lemma cylinder_Int_subset_UN_MCE:
  "cylinder n1 \<inter> cylinder n2 \<subseteq> (\<Union>(a, b)\<in>MCE Mor r s cmp d n1 n2. cylinder (cmp n1 a))"
proof
  fix y assume "y \<in> cylinder n1 \<inter> cylinder n2"
  then obtain m x where y: "y = (m, x)" "(m, x) \<in> paths"
    and le1: "\<forall>i. enat (d n1 i) \<le> m i" and start1: "x (\<lambda>_. 0, d n1) = n1"
    and le2: "\<forall>i. enat (d n2 i) \<le> m i" and start2: "x (\<lambda>_. 0, d n2) = n2"
    unfolding cylinder_def by auto
  define n where "n = sup (d n1) (d n2)"
  have le: "\<forall>i. enat (n i) \<le> m i"
    using le1 le2 by (simp add: n_def sup_nat_def max_def)
  have dom: "(\<lambda>_. 0, n) \<in> Omega_dom m"
    "(\<lambda>_. 0, d n1) \<in> Omega_dom m" "(d n1, n) \<in> Omega_dom m"
    "(\<lambda>_. 0, d n2) \<in> Omega_dom m" "(d n2, n) \<in> Omega_dom m"
    using le le1 le2 by (auto simp: Omega_dom_def le_fun_def n_def)
  have deg: "d (x (\<lambda>_. 0, n)) = n"
    using path_segment(2)[OF y(2) dom(1)] by simp
  have cmp1: "cmp n1 (x (d n1, n)) = x (\<lambda>_. 0, n)"
    using path_segment_cmp[OF y(2) dom(2,3)] start1 by simp
  have cmp2: "cmp n2 (x (d n2, n)) = x (\<lambda>_. 0, n)"
    using path_segment_cmp[OF y(2) dom(4,5)] start2 by simp
  have "(x (d n1, n), x (d n2, n)) \<in> MCE Mor r s cmp d n1 n2"
    unfolding MCE_def
    using path_segment[OF y(2)] path_segment(4)[OF y(2) dom(2)] path_segment(4)[OF y(2) dom(4)]
      dom start1 start2 cmp1 cmp2 deg n_def by auto
  moreover have "y \<in> cylinder (cmp n1 (x (d n1, n)))"
    using y le deg cmp1 unfolding cylinder_def by auto
  ultimately show "y \<in> (\<Union>(a, b)\<in>MCE Mor r s cmp d n1 n2. cylinder (cmp n1 a))"
    by force
qed

text \<open>The hypothesis finitely_realised says that \<chi> lies in the closure of the set of
  cylinder profiles of paths.\<close>

context
  fixes chi :: "'a \<Rightarrow> bool"
  assumes finitely_aligned: "finitely_aligned Mor r s cmp d"
    and finitely_realised: "\<And>K. finite K \<Longrightarrow> K \<subseteq> Mor \<Longrightarrow> \<exists>y. \<forall>v\<in>K. y \<in> cylinder v \<longleftrightarrow> chi v"
    and chi_nonempty: "\<exists>v\<in>Mor. chi v"
begin

lemma chi_prefix_closed:
  assumes "a \<in> Mor" "b \<in> Mor" "s a = r b" "chi (cmp a b)"
  shows "chi a"
proof -
  obtain y where "\<forall>v\<in>{cmp a b, a}. y \<in> cylinder v \<longleftrightarrow> chi v"
    using finitely_realised[of "{cmp a b, a}"] assms cmp_in_Mor by auto
  then show ?thesis
    using cylinder_cmp_subset[OF assms(1-3)] assms(4) by auto
qed

lemma chi_degree_unique:
  assumes "v \<in> Mor" "w \<in> Mor" "chi v" "chi w" "d v = d w"
  shows "v = w"
proof -
  obtain y where "\<forall>u\<in>{v, w}. y \<in> cylinder u \<longleftrightarrow> chi u"
    using finitely_realised[of "{v, w}"] assms by auto
  then have "y \<in> cylinder v" "y \<in> cylinder w"
    using assms by auto
  then show ?thesis
    using assms(5) unfolding cylinder_def by auto
qed

lemma chi_directed:
  assumes "n1 \<in> Mor" "n2 \<in> Mor" "chi n1" "chi n2"
  shows "\<exists>rho\<in>Mor. chi rho \<and> d n1 \<le> d rho \<and> d n2 \<le> d rho"
proof -
  define R where "R = (\<lambda>(a, b). cmp n1 a) ` MCE Mor r s cmp d n1 n2"
  have "finite R"
    using finitely_aligned assms unfolding finitely_aligned_def R_def by auto
  moreover have R_Mor: "R \<subseteq> Mor"
    unfolding R_def MCE_def using cmp_in_Mor assms by auto
  ultimately obtain y where y: "\<forall>v\<in>{n1, n2} \<union> R. y \<in> cylinder v \<longleftrightarrow> chi v"
    using finitely_realised[of "{n1, n2} \<union> R"] assms by auto
  then have "y \<in> cylinder n1 \<inter> cylinder n2"
    using assms by auto
  then obtain a b where ab: "(a, b) \<in> MCE Mor r s cmp d n1 n2" and "y \<in> cylinder (cmp n1 a)"
    using cylinder_Int_subset_UN_MCE by blast
  moreover have "cmp n1 a \<in> R"
    using ab unfolding R_def by force
  moreover have "d (cmp n1 a) = sup (d n1) (d n2)"
    using ab unfolding MCE_def by auto
  ultimately show ?thesis
    using y R_Mor by (intro bexI[of _ "cmp n1 a"]) auto
qed

lemma chi_upper_bound:
  assumes "finite A" "A \<subseteq> {v \<in> Mor. chi v}"
  shows "\<exists>rho\<in>Mor. chi rho \<and> (\<forall>v\<in>A. d v \<le> d rho)"
  using assms
proof (induction A rule: finite_induct)
  case empty
  then show ?case
    using chi_nonempty by auto
next
  case (insert v A)
  then obtain rho where rho: "rho \<in> Mor" "chi rho" "\<forall>u\<in>A. d u \<le> d rho"
    by auto
  then obtain rho' where "rho' \<in> Mor" "chi rho'" "d v \<le> d rho'" "d rho \<le> d rho'"
    using chi_directed[of v rho] insert.prems by auto
  then show ?case
    using rho order_trans by blast
qed

definition limit_degree :: "nat \<Rightarrow> enat" where
  "limit_degree i = (SUP v\<in>{v \<in> Mor. chi v}. enat (d v i))"

lemma le_limit_degree: "v \<in> Mor \<Longrightarrow> chi v \<Longrightarrow> enat (d v i) \<le> limit_degree i"
  unfolding limit_degree_def by (rule SUP_upper) auto

lemma limit_degree_vanishes:
  assumes "k \<le> i"
  shows "limit_degree i = 0"
proof -
  have "limit_degree i \<le> 0"
    unfolding limit_degree_def
    by (rule SUP_least) (use assms d_in_Nk in \<open>auto simp: in_Nk_def zero_enat_def\<close>)
  then show ?thesis
    by simp
qed

lemma chi_cofinal:
  assumes "\<forall>i. enat (q i) \<le> limit_degree i"
  shows "\<exists>rho\<in>Mor. chi rho \<and> q \<le> d rho"
proof -
  have "\<exists>v\<in>Mor. chi v \<and> q i \<le> d v i" for i
  proof (cases "q i = 0")
    case True
    then show ?thesis
      using chi_nonempty by auto
  next
    case False
    then have "enat (q i - 1) < limit_degree i"
      using assms[rule_format, of i] by (auto intro: order_less_le_trans[of _ "enat (q i)"])
    then obtain v where "v \<in> Mor" "chi v" "enat (q i - 1) < enat (d v i)"
      unfolding limit_degree_def less_SUP_iff by auto
    then show ?thesis
      by auto
  qed
  then obtain g where g: "\<And>i. g i \<in> Mor \<and> chi (g i) \<and> q i \<le> d (g i) i"
    by metis
  obtain rho where rho: "rho \<in> Mor" "chi rho" "\<forall>v\<in>g ` {..<k}. d v \<le> d rho"
    using chi_upper_bound[of "g ` {..<k}"] g by auto
  have "q i \<le> d rho i" for i
  proof (cases "i < k")
    case True
    then have "d (g i) \<le> d rho"
      using rho(3) by simp
    then show ?thesis
      using g[of i] le_funD order_trans by metis
  next
    case False
    then show ?thesis
      using assms[rule_format, of i] limit_degree_vanishes by (simp add: zero_enat_def)
  qed
  then show ?thesis
    using rho by (auto simp: le_fun_def)
qed

lemma chi_of_degree_exists:
  assumes "\<forall>i. enat (q i) \<le> limit_degree i"
  shows "\<exists>v\<in>Mor. chi v \<and> d v = q"
proof -
  obtain rho where rho: "rho \<in> Mor" "chi rho" "q \<le> d rho"
    using chi_cofinal[OF assms] by blast
  obtain a b where "a \<in> Mor" "b \<in> Mor" "s a = r b" "d a = q" "rho = cmp a b"
    using factorization_le[OF rho(1,3)] by blast
  then show ?thesis
    using chi_prefix_closed rho(2) by blast
qed

definition initial_segment :: "(nat \<Rightarrow> nat) \<Rightarrow> 'a" where
  "initial_segment q = (THE v. v \<in> Mor \<and> chi v \<and> d v = q)"

lemma initial_segment:
  assumes "\<forall>i. enat (q i) \<le> limit_degree i"
  shows "initial_segment q \<in> Mor" "chi (initial_segment q)" "d (initial_segment q) = q"
proof -
  have "\<exists>!v. v \<in> Mor \<and> chi v \<and> d v = q"
    using chi_of_degree_exists[OF assms] chi_degree_unique by blast
  from theI'[OF this] show "initial_segment q \<in> Mor" "chi (initial_segment q)"
    "d (initial_segment q) = q"
    unfolding initial_segment_def by auto
qed

lemma initial_segment_degree:
  assumes "v \<in> Mor" "chi v"
  shows "initial_segment (d v) = v"
  using initial_segment[of "d v"] le_limit_degree[OF assms] chi_degree_unique assms by blast

lemma initial_segment_extends:
  assumes "p \<le> q" and q: "\<forall>i. enat (q i) \<le> limit_degree i"
  shows "\<exists>b\<in>Mor. s (initial_segment p) = r b \<and> initial_segment q = cmp (initial_segment p) b
    \<and> d b = (\<lambda>i. q i - p i)"
proof -
  have p: "\<forall>i. enat (p i) \<le> limit_degree i"
    using assms unfolding le_fun_def by (meson enat_ord_simps(1) order_trans)
  have "p \<le> d (initial_segment q)"
    using initial_segment(3)[OF q] \<open>p \<le> q\<close> by simp
  then obtain a b where ab: "a \<in> Mor" "b \<in> Mor" "s a = r b" "d a = p"
      "d b = (\<lambda>i. d (initial_segment q) i - p i)" "initial_segment q = cmp a b"
    by (rule factorization_le[OF initial_segment(1)[OF q]])
  then have "chi a"
    using chi_prefix_closed initial_segment(2)[OF q] by metis
  then have "a = initial_segment p"
    using chi_degree_unique[OF ab(1) initial_segment(1)[OF p]] ab(4) initial_segment(2,3)[OF p] by simp
  then show ?thesis
    using ab initial_segment(3)[OF q] by auto
qed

§ Assigned task:
Retype the portion of the data above that starts on the line with "(d n1, n)) = x" and finishes on the line with "finite K \<Longrightarrow>", including both of those lines.

§ Exercise solution:
  have cmp1: "cmp n1 (x (d n1, n)) = x (\<lambda>_. 0, n)"
    using path_segment_cmp[OF y(2) dom(2,3)] start1 by simp
  have cmp2: "cmp n2 (x (d n2, n)) = x (\<lambda>_. 0, n)"
    using path_segment_cmp[OF y(2) dom(4,5)] start2 by simp
  have "(x (d n1, n), x (d n2, n)) \<in> MCE Mor r s cmp d n1 n2"
    unfolding MCE_def
    using path_segment[OF y(2)] path_segment(4)[OF y(2) dom(2)] path_segment(4)[OF y(2) dom(4)]
      dom start1 start2 cmp1 cmp2 deg n_def by auto
  moreover have "y \<in> cylinder (cmp n1 (x (d n1, n)))"
    using y le deg cmp1 unfolding cylinder_def by auto
  ultimately show "y \<in> (\<Union>(a, b)\<in>MCE Mor r s cmp d n1 n2. cylinder (cmp n1 a))"
    by force
qed

text \<open>The hypothesis finitely_realised says that \<chi> lies in the closure of the set of
  cylinder profiles of paths.\<close>

context
  fixes chi :: "'a \<Rightarrow> bool"
  assumes finitely_aligned: "finitely_aligned Mor r s cmp d"
    and finitely_realised: "\<And>K. finite K \<Longrightarrow> K \<subseteq> Mor \<Longrightarrow> \<exists>y. \<forall>v\<in>K. y \<in> cylinder v \<longleftrightarrow> chi v"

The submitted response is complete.